-- INFORMATION GIVEN follows --

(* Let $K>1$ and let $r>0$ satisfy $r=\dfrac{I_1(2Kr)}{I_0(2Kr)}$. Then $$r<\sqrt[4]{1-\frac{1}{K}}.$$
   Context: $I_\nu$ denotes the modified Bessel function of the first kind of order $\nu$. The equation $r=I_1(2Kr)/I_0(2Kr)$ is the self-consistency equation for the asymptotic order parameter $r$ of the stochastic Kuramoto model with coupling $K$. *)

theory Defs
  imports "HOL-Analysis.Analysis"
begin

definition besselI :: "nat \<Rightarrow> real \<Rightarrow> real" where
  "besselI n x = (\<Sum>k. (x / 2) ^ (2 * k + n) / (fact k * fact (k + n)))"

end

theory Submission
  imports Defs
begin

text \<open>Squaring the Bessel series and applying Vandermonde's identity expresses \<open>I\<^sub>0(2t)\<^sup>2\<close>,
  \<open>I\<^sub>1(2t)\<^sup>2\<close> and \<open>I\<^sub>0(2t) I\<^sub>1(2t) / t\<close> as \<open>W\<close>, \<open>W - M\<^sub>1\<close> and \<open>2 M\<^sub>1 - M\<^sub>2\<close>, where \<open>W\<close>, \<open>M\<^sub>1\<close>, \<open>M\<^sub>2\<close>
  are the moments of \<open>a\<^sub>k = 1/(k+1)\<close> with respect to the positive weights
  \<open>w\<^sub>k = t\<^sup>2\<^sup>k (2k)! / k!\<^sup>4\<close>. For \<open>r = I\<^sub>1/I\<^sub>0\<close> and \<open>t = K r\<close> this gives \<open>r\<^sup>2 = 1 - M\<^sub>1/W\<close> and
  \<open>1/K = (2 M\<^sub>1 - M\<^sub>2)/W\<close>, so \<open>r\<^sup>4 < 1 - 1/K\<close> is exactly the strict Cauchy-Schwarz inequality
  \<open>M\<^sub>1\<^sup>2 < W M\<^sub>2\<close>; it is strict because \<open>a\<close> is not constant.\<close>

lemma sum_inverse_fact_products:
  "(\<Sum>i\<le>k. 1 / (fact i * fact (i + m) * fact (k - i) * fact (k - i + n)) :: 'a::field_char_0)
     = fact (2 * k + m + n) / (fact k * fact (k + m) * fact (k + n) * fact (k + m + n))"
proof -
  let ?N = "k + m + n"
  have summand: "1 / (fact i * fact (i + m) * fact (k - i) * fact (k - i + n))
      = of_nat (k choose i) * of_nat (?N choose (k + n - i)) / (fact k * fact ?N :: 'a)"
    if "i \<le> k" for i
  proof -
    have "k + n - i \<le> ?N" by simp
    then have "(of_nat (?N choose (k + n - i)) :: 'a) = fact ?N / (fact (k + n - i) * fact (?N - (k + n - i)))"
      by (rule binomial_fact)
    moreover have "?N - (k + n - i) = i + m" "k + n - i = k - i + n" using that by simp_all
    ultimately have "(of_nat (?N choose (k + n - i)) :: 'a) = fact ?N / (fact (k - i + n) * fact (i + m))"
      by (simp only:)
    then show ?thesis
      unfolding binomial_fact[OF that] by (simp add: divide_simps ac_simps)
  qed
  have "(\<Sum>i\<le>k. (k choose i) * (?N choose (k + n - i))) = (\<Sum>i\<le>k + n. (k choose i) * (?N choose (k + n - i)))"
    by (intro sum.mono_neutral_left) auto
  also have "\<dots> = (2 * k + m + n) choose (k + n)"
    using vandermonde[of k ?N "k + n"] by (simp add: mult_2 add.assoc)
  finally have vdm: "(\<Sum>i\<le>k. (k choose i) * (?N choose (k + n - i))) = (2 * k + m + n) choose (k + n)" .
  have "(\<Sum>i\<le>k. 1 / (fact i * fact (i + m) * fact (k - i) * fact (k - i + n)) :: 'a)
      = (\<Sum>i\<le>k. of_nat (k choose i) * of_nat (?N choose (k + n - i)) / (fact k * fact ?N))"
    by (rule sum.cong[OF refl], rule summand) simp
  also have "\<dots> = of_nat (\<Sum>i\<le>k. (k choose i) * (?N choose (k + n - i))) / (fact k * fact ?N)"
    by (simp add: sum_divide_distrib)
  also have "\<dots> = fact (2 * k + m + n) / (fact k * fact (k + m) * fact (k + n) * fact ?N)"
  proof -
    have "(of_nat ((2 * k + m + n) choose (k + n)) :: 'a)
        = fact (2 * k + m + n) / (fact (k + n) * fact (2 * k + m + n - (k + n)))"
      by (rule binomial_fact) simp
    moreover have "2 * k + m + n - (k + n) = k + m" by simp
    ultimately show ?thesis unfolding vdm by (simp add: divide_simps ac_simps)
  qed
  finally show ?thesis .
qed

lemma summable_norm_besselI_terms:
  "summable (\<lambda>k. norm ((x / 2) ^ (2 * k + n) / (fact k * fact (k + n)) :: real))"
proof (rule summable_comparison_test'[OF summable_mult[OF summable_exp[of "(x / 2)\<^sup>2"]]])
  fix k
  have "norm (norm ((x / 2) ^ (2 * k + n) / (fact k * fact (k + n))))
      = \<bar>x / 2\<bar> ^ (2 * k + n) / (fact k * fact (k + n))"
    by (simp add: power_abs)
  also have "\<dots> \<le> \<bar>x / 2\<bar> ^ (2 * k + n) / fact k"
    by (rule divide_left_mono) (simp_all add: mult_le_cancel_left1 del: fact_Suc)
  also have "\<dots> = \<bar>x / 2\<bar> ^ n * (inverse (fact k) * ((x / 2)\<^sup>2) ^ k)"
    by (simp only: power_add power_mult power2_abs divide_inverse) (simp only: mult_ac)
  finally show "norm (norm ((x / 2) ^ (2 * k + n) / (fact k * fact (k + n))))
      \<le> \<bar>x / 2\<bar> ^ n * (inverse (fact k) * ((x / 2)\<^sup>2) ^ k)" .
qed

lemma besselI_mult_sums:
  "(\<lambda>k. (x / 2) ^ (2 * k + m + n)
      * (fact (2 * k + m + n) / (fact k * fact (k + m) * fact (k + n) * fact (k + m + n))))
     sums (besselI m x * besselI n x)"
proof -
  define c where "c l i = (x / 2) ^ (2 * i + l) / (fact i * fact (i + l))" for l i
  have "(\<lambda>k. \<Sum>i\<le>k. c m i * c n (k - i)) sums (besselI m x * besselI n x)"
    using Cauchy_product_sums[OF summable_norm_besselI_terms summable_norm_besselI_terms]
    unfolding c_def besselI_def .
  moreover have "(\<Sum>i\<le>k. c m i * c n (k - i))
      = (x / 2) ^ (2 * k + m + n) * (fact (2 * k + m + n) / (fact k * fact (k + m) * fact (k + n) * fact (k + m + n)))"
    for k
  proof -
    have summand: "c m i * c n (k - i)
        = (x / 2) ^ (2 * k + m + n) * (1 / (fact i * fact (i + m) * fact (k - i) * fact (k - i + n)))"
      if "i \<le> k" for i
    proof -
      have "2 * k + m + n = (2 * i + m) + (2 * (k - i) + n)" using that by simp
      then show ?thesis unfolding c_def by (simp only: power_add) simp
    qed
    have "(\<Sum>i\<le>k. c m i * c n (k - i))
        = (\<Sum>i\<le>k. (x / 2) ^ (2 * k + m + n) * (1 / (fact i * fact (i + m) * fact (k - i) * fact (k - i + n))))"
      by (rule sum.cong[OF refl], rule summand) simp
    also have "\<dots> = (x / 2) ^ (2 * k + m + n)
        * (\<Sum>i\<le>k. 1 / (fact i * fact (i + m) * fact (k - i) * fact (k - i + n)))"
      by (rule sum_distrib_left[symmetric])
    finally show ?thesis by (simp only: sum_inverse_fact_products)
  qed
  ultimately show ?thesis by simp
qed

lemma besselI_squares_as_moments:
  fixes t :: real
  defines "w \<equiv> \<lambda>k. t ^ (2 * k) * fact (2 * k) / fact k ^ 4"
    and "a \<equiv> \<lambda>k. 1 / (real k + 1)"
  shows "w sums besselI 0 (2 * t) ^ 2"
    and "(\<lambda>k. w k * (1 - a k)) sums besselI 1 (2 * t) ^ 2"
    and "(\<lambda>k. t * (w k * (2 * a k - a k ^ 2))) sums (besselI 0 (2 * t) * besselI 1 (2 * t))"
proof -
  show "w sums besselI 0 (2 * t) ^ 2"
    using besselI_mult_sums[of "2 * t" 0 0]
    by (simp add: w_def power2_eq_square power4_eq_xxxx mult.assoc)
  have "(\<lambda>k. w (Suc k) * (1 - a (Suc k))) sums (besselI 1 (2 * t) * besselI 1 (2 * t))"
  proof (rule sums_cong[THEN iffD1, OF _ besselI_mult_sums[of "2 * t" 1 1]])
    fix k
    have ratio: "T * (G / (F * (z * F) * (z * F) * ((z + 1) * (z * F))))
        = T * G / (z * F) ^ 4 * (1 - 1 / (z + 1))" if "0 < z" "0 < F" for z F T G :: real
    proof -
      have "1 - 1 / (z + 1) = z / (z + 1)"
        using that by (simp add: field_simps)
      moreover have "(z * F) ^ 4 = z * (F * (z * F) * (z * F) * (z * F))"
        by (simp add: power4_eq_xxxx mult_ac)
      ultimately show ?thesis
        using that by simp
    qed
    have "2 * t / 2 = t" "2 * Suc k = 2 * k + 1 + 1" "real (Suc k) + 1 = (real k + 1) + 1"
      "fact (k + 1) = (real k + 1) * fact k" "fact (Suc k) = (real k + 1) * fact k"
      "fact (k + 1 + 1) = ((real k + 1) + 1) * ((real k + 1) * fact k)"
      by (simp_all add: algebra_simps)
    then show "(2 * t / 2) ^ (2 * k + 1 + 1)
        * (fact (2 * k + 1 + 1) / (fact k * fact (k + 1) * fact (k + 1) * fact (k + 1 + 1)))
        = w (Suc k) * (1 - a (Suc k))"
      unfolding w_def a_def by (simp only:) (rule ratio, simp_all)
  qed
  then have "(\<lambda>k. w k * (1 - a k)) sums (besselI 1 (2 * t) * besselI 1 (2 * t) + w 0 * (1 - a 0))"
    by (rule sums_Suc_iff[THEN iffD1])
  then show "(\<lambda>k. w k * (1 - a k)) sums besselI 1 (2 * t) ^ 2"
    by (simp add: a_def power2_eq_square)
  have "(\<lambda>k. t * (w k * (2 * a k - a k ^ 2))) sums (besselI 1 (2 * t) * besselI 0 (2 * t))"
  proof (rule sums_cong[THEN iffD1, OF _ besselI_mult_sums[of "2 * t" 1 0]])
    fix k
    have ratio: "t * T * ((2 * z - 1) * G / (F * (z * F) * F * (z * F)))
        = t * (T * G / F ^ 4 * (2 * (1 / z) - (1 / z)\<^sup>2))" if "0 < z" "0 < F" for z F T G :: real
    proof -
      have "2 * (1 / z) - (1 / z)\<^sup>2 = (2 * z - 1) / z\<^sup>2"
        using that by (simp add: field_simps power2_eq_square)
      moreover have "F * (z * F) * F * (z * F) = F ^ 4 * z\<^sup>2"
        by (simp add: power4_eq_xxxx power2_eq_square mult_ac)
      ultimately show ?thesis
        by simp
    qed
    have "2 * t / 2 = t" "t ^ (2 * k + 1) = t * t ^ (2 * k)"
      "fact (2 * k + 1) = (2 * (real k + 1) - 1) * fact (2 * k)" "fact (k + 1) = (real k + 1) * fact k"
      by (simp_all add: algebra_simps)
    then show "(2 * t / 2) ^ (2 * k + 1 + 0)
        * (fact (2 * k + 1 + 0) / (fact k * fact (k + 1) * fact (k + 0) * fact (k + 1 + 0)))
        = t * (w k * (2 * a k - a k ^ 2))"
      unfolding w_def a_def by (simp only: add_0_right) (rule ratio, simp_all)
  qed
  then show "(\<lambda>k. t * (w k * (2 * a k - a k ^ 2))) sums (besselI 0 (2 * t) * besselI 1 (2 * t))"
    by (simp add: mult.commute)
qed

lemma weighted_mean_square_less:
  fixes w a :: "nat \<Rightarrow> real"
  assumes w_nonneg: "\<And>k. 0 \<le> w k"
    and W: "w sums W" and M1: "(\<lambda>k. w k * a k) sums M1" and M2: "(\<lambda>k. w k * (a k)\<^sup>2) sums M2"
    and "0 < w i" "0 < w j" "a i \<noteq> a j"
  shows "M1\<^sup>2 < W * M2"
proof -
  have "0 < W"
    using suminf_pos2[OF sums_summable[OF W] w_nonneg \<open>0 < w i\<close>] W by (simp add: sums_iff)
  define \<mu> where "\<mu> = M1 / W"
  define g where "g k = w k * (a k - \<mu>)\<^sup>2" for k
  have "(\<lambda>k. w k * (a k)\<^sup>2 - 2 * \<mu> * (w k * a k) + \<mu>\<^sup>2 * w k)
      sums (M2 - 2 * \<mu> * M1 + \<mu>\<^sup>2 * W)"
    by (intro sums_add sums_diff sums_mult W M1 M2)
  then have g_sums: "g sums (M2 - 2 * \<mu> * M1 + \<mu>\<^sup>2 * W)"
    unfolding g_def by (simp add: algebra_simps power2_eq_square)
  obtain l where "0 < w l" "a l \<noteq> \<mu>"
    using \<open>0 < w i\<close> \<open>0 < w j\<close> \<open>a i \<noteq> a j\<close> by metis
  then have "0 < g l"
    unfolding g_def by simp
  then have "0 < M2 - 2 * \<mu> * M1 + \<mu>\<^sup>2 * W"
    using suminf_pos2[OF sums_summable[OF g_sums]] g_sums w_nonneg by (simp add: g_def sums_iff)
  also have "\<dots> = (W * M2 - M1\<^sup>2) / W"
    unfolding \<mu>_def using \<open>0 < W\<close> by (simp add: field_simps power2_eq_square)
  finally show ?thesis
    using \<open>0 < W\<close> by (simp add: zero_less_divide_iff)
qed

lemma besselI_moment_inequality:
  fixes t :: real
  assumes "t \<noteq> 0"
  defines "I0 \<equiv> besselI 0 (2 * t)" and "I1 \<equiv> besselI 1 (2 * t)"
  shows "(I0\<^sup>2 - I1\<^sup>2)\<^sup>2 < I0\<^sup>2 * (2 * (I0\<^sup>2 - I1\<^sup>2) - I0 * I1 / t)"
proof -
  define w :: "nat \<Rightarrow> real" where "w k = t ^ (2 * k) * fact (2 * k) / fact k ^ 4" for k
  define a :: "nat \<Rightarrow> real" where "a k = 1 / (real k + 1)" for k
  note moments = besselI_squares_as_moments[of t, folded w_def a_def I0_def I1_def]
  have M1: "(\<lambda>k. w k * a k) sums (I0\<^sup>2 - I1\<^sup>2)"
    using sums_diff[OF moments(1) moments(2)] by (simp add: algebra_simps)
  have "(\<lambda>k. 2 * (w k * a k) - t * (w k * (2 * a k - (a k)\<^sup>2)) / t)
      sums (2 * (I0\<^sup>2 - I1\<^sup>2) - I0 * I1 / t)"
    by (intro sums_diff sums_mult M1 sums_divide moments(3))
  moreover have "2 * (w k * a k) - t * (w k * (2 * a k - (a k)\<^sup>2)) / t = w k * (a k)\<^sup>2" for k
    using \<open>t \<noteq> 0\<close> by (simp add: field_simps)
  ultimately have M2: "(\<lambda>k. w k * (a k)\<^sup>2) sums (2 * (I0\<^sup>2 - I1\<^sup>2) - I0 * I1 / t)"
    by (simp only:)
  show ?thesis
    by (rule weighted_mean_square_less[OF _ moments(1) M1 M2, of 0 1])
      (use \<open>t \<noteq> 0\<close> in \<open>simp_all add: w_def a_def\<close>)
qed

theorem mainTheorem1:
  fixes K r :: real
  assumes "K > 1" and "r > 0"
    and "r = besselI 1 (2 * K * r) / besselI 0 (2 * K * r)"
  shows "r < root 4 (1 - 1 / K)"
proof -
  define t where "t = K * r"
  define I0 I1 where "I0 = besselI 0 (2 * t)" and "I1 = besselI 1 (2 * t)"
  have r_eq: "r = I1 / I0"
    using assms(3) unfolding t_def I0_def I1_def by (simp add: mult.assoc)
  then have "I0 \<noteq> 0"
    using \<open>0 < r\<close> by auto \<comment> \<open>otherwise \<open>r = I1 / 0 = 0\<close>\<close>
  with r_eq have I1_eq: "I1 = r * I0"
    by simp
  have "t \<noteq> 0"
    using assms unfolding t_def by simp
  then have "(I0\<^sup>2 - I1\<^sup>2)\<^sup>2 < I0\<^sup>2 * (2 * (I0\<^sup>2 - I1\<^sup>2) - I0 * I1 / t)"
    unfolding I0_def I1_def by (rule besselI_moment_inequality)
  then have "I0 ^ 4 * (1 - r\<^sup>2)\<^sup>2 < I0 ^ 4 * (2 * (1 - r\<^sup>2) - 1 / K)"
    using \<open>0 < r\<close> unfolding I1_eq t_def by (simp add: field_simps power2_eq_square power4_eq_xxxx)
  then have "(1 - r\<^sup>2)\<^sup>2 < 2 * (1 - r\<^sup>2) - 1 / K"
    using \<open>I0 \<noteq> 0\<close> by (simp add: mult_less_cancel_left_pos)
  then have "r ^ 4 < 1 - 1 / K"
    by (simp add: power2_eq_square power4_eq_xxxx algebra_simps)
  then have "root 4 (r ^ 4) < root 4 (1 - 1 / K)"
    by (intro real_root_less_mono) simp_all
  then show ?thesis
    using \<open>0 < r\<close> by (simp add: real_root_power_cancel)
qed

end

-- INFORMATION GIVEN concluded --

* _WHAT YOU HAVE TO DO_
Some lines above contain the word "refl". Copy each of them.

* _EXERCISE RESULT_
    by (rule sum.cong[OF refl], rule summand) simp
      by (rule sum.cong[OF refl], rule summand) simp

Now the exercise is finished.